If you want to automatically scale pods based on CPU usage, memory usage, or other custom metrics, you can enable the Horizontal Pod Autoscaler (HPA) feature for your application containers. HPA can quickly scale out pod replicas to handle sudden workload spikes and scale in pods to save resources when the workload decreases. This process is automated and requires no manual intervention. HPA is suitable for scenarios with significant service fluctuations and frequent scaling needs, such as E-commerce, online education, and finance.
Before you begin
To help you better use the HPA feature, read the official Kubernetes document Horizontal Pod Autoscaling to understand its basic principles, algorithm details, and configurable scaling behaviors.

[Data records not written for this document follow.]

lemma eqU_rootE_split:
  "1 \<le> i \<Longrightarrow> i < l \<Longrightarrow> l \<le> j \<Longrightarrow> j \<le> n \<Longrightarrow>
     eqU r s n (rootE r i j) (qcomm (r^2) (rootE r i (l - 1)) (rootE r l j))"
proof (induction "l - Suc i" arbitrary: i)
  case 0
  then have "l = Suc i" by simp
  with 0 show ?case by (simp add: rootE_Suc rootE_self eqU_refl)
next
  case (Suc d)
  then have "Suc i < l" by simp
  have "eqU r s n (rootE r (Suc i) j) (qcomm (r^2) (rootE r (Suc i) (l - 1)) (rootE r l j))"
    using Suc by auto
  then have "eqU r s n (rootE r i j)
      (qcomm (r^2) (gen i) (qcomm (r^2) (rootE r (Suc i) (l - 1)) (rootE r l j)))"
    using Suc.prems by (simp add: rootE_Suc eqU_qcomm_cong_right[OF in_subalg.gen[of i "{i}"]])
  also have "eqU r s n (gen i \<otimes> rootE r l j) (rootE r l j \<otimes> gen i)"
    using Suc.prems \<open>Suc i < l\<close> in_subalg_rootE[of l j r] in_subalg.gen[of i "{i}"]
    by (intro eqU_commute_subalg) (auto intro!: eqU_gen_commute)
  then have "eqU r s n (qcomm (r^2) (gen i) (qcomm (r^2) (rootE r (Suc i) (l - 1)) (rootE r l j)))
      (qcomm (r^2) (rootE r i (l - 1)) (rootE r l j))"
    using \<open>Suc i < l\<close> by (simp add: rootE_Suc eqU_sym eqU_qcomm_assoc[OF in_subalg_rootE])
  finally show ?case .
qed

lemma eqU_Epaux_split:
  "1 \<le> i \<Longrightarrow> i < l \<Longrightarrow> l + d < n \<Longrightarrow>
     eqU r s n (Epaux r s n i d) (qcomm (r^2) (rootE r i (l - 1)) (Epaux r s n l d))"
proof (induction d)
  case 0
  have "eqU r s n (rootE r i (l - 1) \<otimes> gen n) (gen n \<otimes> rootE r i (l - 1))"
    using 0 in_subalg.gen[of n "{n}"] by (intro eqU_commute_rootE[where k = n]) auto
  then have "eqU r s n (qcomm (r * s) (qcomm (r^2) (rootE r i (l - 1)) (rootE r l n)) (gen n))
                       (qcomm (r^2) (rootE r i (l - 1)) (Epaux r s n l 0))"
    using 0 by (simp add: Epaux_0 eqU_qcomm_assoc[OF in_subalg_rootE])
  moreover have "eqU r s n (rootE r i n) (qcomm (r^2) (rootE r i (l - 1)) (rootE r l n))"
    using 0 by (intro eqU_rootE_split) auto
  ultimately show ?case
    by (auto simp: Epaux_0 intro: eqU_trans eqU_qcomm_cong_left in_subalg.gen)
next
  case (Suc d)
  define m where "m = n - Suc d"
  have "eqU r s n (rootE r i (l - 1) \<otimes> gen m) (gen m \<otimes> rootE r i (l - 1))"
    using Suc.prems in_subalg.gen[of m "{m..n}"] by (intro eqU_commute_rootE[where k = m]) (auto simp: m_def)
  then have "eqU r s n (qcomm (inverse (s^2)) (qcomm (r^2) (rootE r i (l - 1)) (Epaux r s n l d)) (gen m))
                       (qcomm (r^2) (rootE r i (l - 1)) (Epaux r s n l (Suc d)))"
    using Suc.prems by (simp add: Epaux_Suc m_def eqU_qcomm_assoc[OF in_subalg_Epaux])
  moreover have "eqU r s n (Epaux r s n i d) (qcomm (r^2) (rootE r i (l - 1)) (Epaux r s n l d))"
    using Suc by auto
  ultimately show ?case
    by (auto simp: m_def Epaux_Suc intro: eqU_trans eqU_qcomm_cong_left in_subalg.gen)
qed

theorem lemma3p1:
  fixes r s :: complex and n :: nat
  assumes "r \<noteq> 0" and "s \<noteq> 0" and "r^3 \<noteq> s^3" and "r^4 \<noteq> s^4" and "n \<ge> 2"
  shows "(\<forall>i j k l. 1 \<le> i \<and> i \<le> j \<and> j + 1 < k \<and> k \<le> l \<and> l \<le> n \<longrightarrow>
            eqU r s n (rootE r i j \<otimes> rootE r k l) (rootE r k l \<otimes> rootE r i j))
       \<and> (\<forall>i j k l. 1 \<le> i \<and> i \<le> j \<and> j + 1 < k \<and> k < l \<and> l \<le> n \<longrightarrow>
            eqU r s n (rootE r i j \<otimes> rootEp r s n k l) (rootEp r s n k l \<otimes> rootE r i j))
       \<and> (\<forall>i l j. 1 \<le> i \<and> i < l \<and> l \<le> j \<and> j \<le> n \<longrightarrow>
            eqU r s n (rootE r i j)
              ((rootE r i (l - 1) \<otimes> rootE r l j) \<ominus> ((r^2) \<cdot> (rootE r l j \<otimes> rootE r i (l - 1)))))
       \<and> (\<forall>i l j. 1 \<le> i \<and> i < l \<and> l < j \<and> j \<le> n \<longrightarrow>
            eqU r s n (rootEp r s n i j)
              ((rootE r i (l - 1) \<otimes> rootEp r s n l j) \<ominus> ((r^2) \<cdot> (rootEp r s n l j \<otimes> rootE r i (l - 1)))))"
proof (intro conjI allI impI; elim conjE)
  fix i j k l :: nat
  assume "1 \<le> i" "i \<le> j" "j + 1 < k" "k \<le> l" "l \<le> n"
  then show "eqU r s n (rootE r i j \<otimes> rootE r k l) (rootE r k l \<otimes> rootE r i j)"
    by (intro eqU_commute_rootE[where k = k] in_subalg_mono[OF in_subalg_rootE]) auto
next
  fix i j k l :: nat
  assume "1 \<le> i" "i \<le> j" "j + 1 < k" "k < l" "l \<le> n"
  then show "eqU r s n (rootE r i j \<otimes> rootEp r s n k l) (rootEp r s n k l \<otimes> rootE r i j)"
    unfolding rootEp_def by (intro eqU_commute_rootE[where k = k] in_subalg_Epaux) auto
next
  fix i l j :: nat
  assume "1 \<le> i" "i < l" "l \<le> j" "j \<le> n"
  then show "eqU r s n (rootE r i j)
      ((rootE r i (l - 1) \<otimes> rootE r l j) \<ominus> ((r^2) \<cdot> (rootE r l j \<otimes> rootE r i (l - 1))))"
    using eqU_rootE_split by (simp add: qcomm_def)
next
  fix i l j :: nat
  assume "1 \<le> i" "i < l" "l < j" "j \<le> n"
  then show "eqU r s n (rootEp r s n i j)
      ((rootE r i (l - 1) \<otimes> rootEp r s n l j) \<ominus> ((r^2) \<cdot> (rootEp r s n l j \<otimes> rootE r i (l - 1))))"
    using eqU_Epaux_split[of i l "n - j" n r s] by (simp add: rootEp_def qcomm_def)
qed

end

In addition, ACK clusters provide various workload scaling (scheduling layer elasticity) and node scaling (resource layer elasticity) solutions. Before you proceed, read Auto Scaling to understand the use cases and limitations of each solution.
Prerequisites
You have created an ACK managed cluster or an ACK dedicated cluster. For more information, see Create a cluster.
If you plan to use kubectl commands to implement HPA, connect to your Kubernetes cluster using kubectl. For more information, see Connect to an ACK cluster using kubectl.
Create an HPA application in the console
Container Service for Kubernetes (ACK) is integrated with HPA, which lets you create HPA policies in the ACK console. You can create an HPA policy when you create an application or enable HPA for an existing application. We recommend that you create only one HPA policy for each workload.
Create an HPA when you create an application
The following example shows how to enable Horizontal Pod Autoscaler (HPA) for a stateless Deployment. The steps are similar for other types of workloads.
Log on to the ACK console. In the left navigation pane, click Clusters.
On the Clusters page, click the name of the cluster that you want to manage. In the navigation pane on the left, choose .
On the Stateless page, click Create From Image.
On the Create page, configure the basic information, container, Service, and scaling settings for the application to create a Deployment that supports HPA.
For more information about the steps and configuration items, see Create a stateless workload (Deployment). The following list describes only the key configuration items.
Basic Information: Configure the application name, number of replicas, and other information.
Container Configuration: Configure the image and the required CPU and memory resources.
You can use the resource profile feature to analyze historical resource usage data and obtain recommendations for configuring container requests and limits. For more information, see Resource profile.
ImportantYou must set resource requests for the application. Otherwise, you cannot enable HPA.
Advanced Configuration:
In the Scaling Configuration section, select Enable for Metric-based Scaling and configure the scaling conditions and parameters.
Metric: CPU and memory are supported. The metric type must match the resource type for which you set a request. If you specify both CPU and memory, HPA triggers a scaling operation when it detects that either metric reaches its threshold.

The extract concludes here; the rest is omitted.